=== Exercise ===
Copy out again, unchanged, the listing below from the line that has "interpret vector_space_pair scale scale .." through the line that has "fix y z assume".

=== Task data ===
lemma cyclic_decomposition_basis:
  assumes "is_cyclic_decomposition scale T h a v"
  shows "inj_on (\<lambda>(j, l). (T ^^ l) (v j)) (SIGMA j:{..<h}. {..<a ! j})"
    and "independent ((\<lambda>(j, l). (T ^^ l) (v j)) ` (SIGMA j:{..<h}. {..<a ! j}))"
    and "span ((\<lambda>(j, l). (T ^^ l) (v j)) ` (SIGMA j:{..<h}. {..<a ! j})) = UNIV"
proof -
  let ?I = "SIGMA j:{..<h}. {..<a ! j}" and ?f = "\<lambda>(j, l). (T ^^ l) (v j)"
  have "(\<Sum>p\<in>?I. scale (c p) (?f p)) = (\<Sum>j<h. \<Sum>l<a ! j. scale (c (j, l)) ((T ^^ l) (v j)))" for c
    by (simp add: sum.Sigma case_prod_beta)
  then have "\<forall>p\<in>?I. c p = 0" if "(\<Sum>p\<in>?I. scale (c p) (?f p)) = 0" for c
    using assms that unfolding is_cyclic_decomposition_def by fastforce
  then show "inj_on ?f ?I" and "independent (?f ` ?I)"
    using inj_on_independent_image_if_coefficients_unique[of ?I ?f] by auto
  have "?f ` ?I = {(T ^^ l) (v j) | j l. j < h \<and> l < a ! j}"
    by force
  then show "span (?f ` ?I) = UNIV"
    using assms unfolding is_cyclic_decomposition_def by simp
qed

lemma dim_kerT_cyclic_decomposition:
  assumes lin: "Vector_Spaces.linear scale scale T" and dec: "is_cyclic_decomposition scale T h a v"
  shows "dim (kerT T i) = (\<Sum>j<h. min (a ! j) i)"
proof -
  interpret vector_space_pair scale scale ..
  define I where "I = (SIGMA j:{..<h}. {..<a ! j})"
  define f where "f = (\<lambda>(j, l). (T ^^ l) (v j))"
  define J where "J = {(j, l) \<in> I. a ! j \<le> i + l}"
  define shift :: "nat \<times> nat \<Rightarrow> nat \<times> nat" where "shift = (\<lambda>(j, l). (j, i + l))"
  have Ti: "Vector_Spaces.linear scale scale (T ^^ i)"
    by (rule linear_funpow[OF lin])
  have inj: "inj_on f I" and indep: "independent (f ` I)" and span_I: "span (f ` I) = UNIV"
    using cyclic_decomposition_basis[OF dec] unfolding I_def f_def by auto
  have Ti_f: "(T ^^ i) (f p) = f (shift p)" for p
    by (simp add: f_def shift_def case_prod_beta funpow_add)
  have J_ker: "f ` J \<subseteq> kerT T i"
  proof
    fix y assume "y \<in> f ` J"
    then obtain j l where "j < h" "a ! j \<le> i + l" "y = f (j, l)"
      unfolding J_def I_def by auto
    moreover have "(T ^^ a ! j) (v j) = 0"
      using dec \<open>j < h\<close> unfolding is_cyclic_decomposition_def by auto
    ultimately have "(T ^^ i) y = (T ^^ (i + l)) (v j)" and "(T ^^ (i + l)) (v j) = 0"
      using Ti_f[of "(j, l)"] funpow_eq_0_mono[OF lin] by (auto simp: shift_def f_def)
    then show "y \<in> kerT T i"
      by (simp add: kerT_def)
  qed
  have "kerT T i \<subseteq> span (f ` J)"
  proof
    fix x assume x: "x \<in> kerT T i"
    have "f ` I = f ` J \<union> f ` (I - J)"
      unfolding J_def by blast
    then have "x \<in> span (f ` J \<union> f ` (I - J))"
      using span_I by simp
    then obtain y z where xyz: "x = y + z" "y \<in> span (f ` J)" "z \<in> span (f ` (I - J))"
      unfolding span_Un by blast
    have "(T ^^ i) y = 0"
      using linear_eq_0_on_span[OF Ti] J_ker xyz(2) by (auto simp: kerT_def)
    then have "(T ^^ i) z = 0"
      using x xyz(1) linear_add[OF Ti] by (simp add: kerT_def)
    \<comment> \<open>On the basis vectors outside J, T^i acts injectively by shifting them to basis vectors.\<close>
    moreover have shift_I: "shift p \<in> I" if "p \<in> I - J" for p
      using that unfolding I_def J_def shift_def by auto
    have "inj_on (T ^^ i) (f ` (I - J))"
    proof (rule inj_onI)
      fix y z assume "y \<in> f ` (I - J)" "z \<in> f ` (I - J)" "(T ^^ i) y = (T ^^ i) z"
      then obtain p q where "p \<in> I - J" "q \<in> I - J" "y = f p" "z = f q" "f (shift p) = f (shift q)"
        by (auto simp: Ti_f)
      then have "shift p = shift q"
        using inj_onD[OF inj] shift_I by blast
      then have "p = q"
        by (auto simp: shift_def split: prod.splits)
      then show "y = z"
        using \<open>y = f p\<close> \<open>z = f q\<close> by simp
    qed
    moreover have "independent ((T ^^ i) ` f ` (I - J))"
      using shift_I by (intro independent_mono[OF indep]) (auto simp: Ti_f)
    moreover have "finite (I - J)"
      unfolding I_def by auto
    ultimately have "z = 0"
      using linear_indep_image_lemma[OF Ti] xyz(3) by blast
    then show "x \<in> span (f ` J)"
      using xyz by simp
  qed
  moreover have "card (f ` J) = (\<Sum>j<h. min (a ! j) i)"
  proof -
    have "J = (SIGMA j:{..<h}. {a ! j - i..<a ! j})"
      unfolding J_def I_def by auto
    moreover have "inj_on f J"
      using inj unfolding J_def by (rule inj_on_subset) auto
    moreover have "a ! j - (a ! j - i) = min (a ! j) i" for j
      by simp
    ultimately show ?thesis
      by (simp add: card_image)
  qed
  ultimately show ?thesis
    using dim_unique[OF J_ker _ independent_mono[OF indep]] unfolding J_def by blast
qed

lemma delta_Suc_cyclic_decomposition:
  assumes "Vector_Spaces.linear scale scale T" and "is_cyclic_decomposition scale T h a v"
  shows "delta scale T (Suc i) = real (card {j. j < h \<and> i < a ! j})"
proof -
  have "delta scale T (Suc i) = (\<Sum>j<h. real (min (a ! j) (Suc i)) - real (min (a ! j) i))"
    unfolding delta_def dim_kerT_cyclic_decomposition[OF assms] by (simp add: sum_subtractf)
  also have "\<dots> = (\<Sum>j<h. of_bool (i < a ! j))"
    by (rule sum.cong) auto
  finally show ?thesis
    by (simp add: Int_def)
qed

end

lemma P_poly_map_upt:
  "P_poly h (map g [1..<e + 1]) x = (\<Sum>i<e. max 0 (x + g (Suc i) - real h)) / real e"
proof -
  have "map g [1..<e + 1] ! i = g (Suc i)" if "i < e" for i
    using that by (simp del: upt_Suc)
  then show ?thesis
    unfolding P_poly_def by (simp del: upt_Suc add: sum_divide_distrib)
qed

theorem mainTheorem3:
  fixes scale :: "'k::field \<Rightarrow> 'm::ab_group_add \<Rightarrow> 'm"
    and T :: "'m \<Rightarrow> 'm"
    and e h :: nat
  assumes vs: "vector_space scale"
    and lin: "Vector_Spaces.linear scale scale T"
    and e_pos: "e \<ge> 1" and h_pos: "h \<ge> 1"
    and nil: "\<forall>x. (T ^^ e) x = 0"
    and findim: "\<exists>B. finite B \<and> module.span scale B = UNIV"
    and gen: "\<exists>g :: nat \<Rightarrow> 'm. module.span scale {(T ^^ j) (g i) | i j. i < h \<and> j < e} = UNIV"
  shows "\<forall>(a :: nat list) (v :: nat \<Rightarrow> 'm).
           is_cyclic_decomposition scale T h a v \<and> (\<forall>i<h. a ! i \<le> e) \<longrightarrow>
           (\<forall>x \<in> {0 .. real h}.
              hodge_polygon e a x = P_poly h (map (delta scale T) [1..<e + 1]) x)"
proof (intro allI impI ballI)
  fix a :: "nat list" and v :: "nat \<Rightarrow> 'm" and x :: real
  assume "is_cyclic_decomposition scale T h a v \<and> (\<forall>i<h. a ! i \<le> e)" and x: "x \<in> {0..real h}"
  then have dec: "is_cyclic_decomposition scale T h a v" and a_le: "\<forall>i<h. a ! i \<le> e"
    by simp_all
  have len: "length a = h"
    using dec unfolding is_cyclic_decomposition_def by simp
  have "hodge_polygon e a x = (\<Sum>i<e. max 0 (x + real (card {j. j < h \<and> i < a ! j}) - real h)) / real e"
    using hodge_polygon_eq_sum_max[of a e x] a_le x len by simp
  also have "\<dots> = P_poly h (map (delta scale T) [1..<e + 1]) x"
    unfolding P_poly_map_upt vector_space.delta_Suc_cyclic_decomposition[OF vs lin dec] ..
  finally show "hodge_polygon e a x = P_poly h (map (delta scale T) [1..<e + 1]) x" .
qed

end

=== Exercise answer ===
  interpret vector_space_pair scale scale ..
  define I where "I = (SIGMA j:{..<h}. {..<a ! j})"
  define f where "f = (\<lambda>(j, l). (T ^^ l) (v j))"
  define J where "J = {(j, l) \<in> I. a ! j \<le> i + l}"
  define shift :: "nat \<times> nat \<Rightarrow> nat \<times> nat" where "shift = (\<lambda>(j, l). (j, i + l))"
  have Ti: "Vector_Spaces.linear scale scale (T ^^ i)"
    by (rule linear_funpow[OF lin])
  have inj: "inj_on f I" and indep: "independent (f ` I)" and span_I: "span (f ` I) = UNIV"
    using cyclic_decomposition_basis[OF dec] unfolding I_def f_def by auto
  have Ti_f: "(T ^^ i) (f p) = f (shift p)" for p
    by (simp add: f_def shift_def case_prod_beta funpow_add)
  have J_ker: "f ` J \<subseteq> kerT T i"
  proof
    fix y assume "y \<in> f ` J"
    then obtain j l where "j < h" "a ! j \<le> i + l" "y = f (j, l)"
      unfolding J_def I_def by auto
    moreover have "(T ^^ a ! j) (v j) = 0"
      using dec \<open>j < h\<close> unfolding is_cyclic_decomposition_def by auto
    ultimately have "(T ^^ i) y = (T ^^ (i + l)) (v j)" and "(T ^^ (i + l)) (v j) = 0"
      using Ti_f[of "(j, l)"] funpow_eq_0_mono[OF lin] by (auto simp: shift_def f_def)
    then show "y \<in> kerT T i"
      by (simp add: kerT_def)
  qed
  have "kerT T i \<subseteq> span (f ` J)"
  proof
    fix x assume x: "x \<in> kerT T i"
    have "f ` I = f ` J \<union> f ` (I - J)"
      unfolding J_def by blast
    then have "x \<in> span (f ` J \<union> f ` (I - J))"
      using span_I by simp
    then obtain y z where xyz: "x = y + z" "y \<in> span (f ` J)" "z \<in> span (f ` (I - J))"
      unfolding span_Un by blast
    have "(T ^^ i) y = 0"
      using linear_eq_0_on_span[OF Ti] J_ker xyz(2) by (auto simp: kerT_def)
    then have "(T ^^ i) z = 0"
      using x xyz(1) linear_add[OF Ti] by (simp add: kerT_def)
    \<comment> \<open>On the basis vectors outside J, T^i acts injectively by shifting them to basis vectors.\<close>
    moreover have shift_I: "shift p \<in> I" if "p \<in> I - J" for p
      using that unfolding I_def J_def shift_def by auto
    have "inj_on (T ^^ i) (f ` (I - J))"
    proof (rule inj_onI)
      fix y z assume "y \<in> f ` (I - J)" "z \<in> f ` (I - J)" "(T ^^ i) y = (T ^^ i) z"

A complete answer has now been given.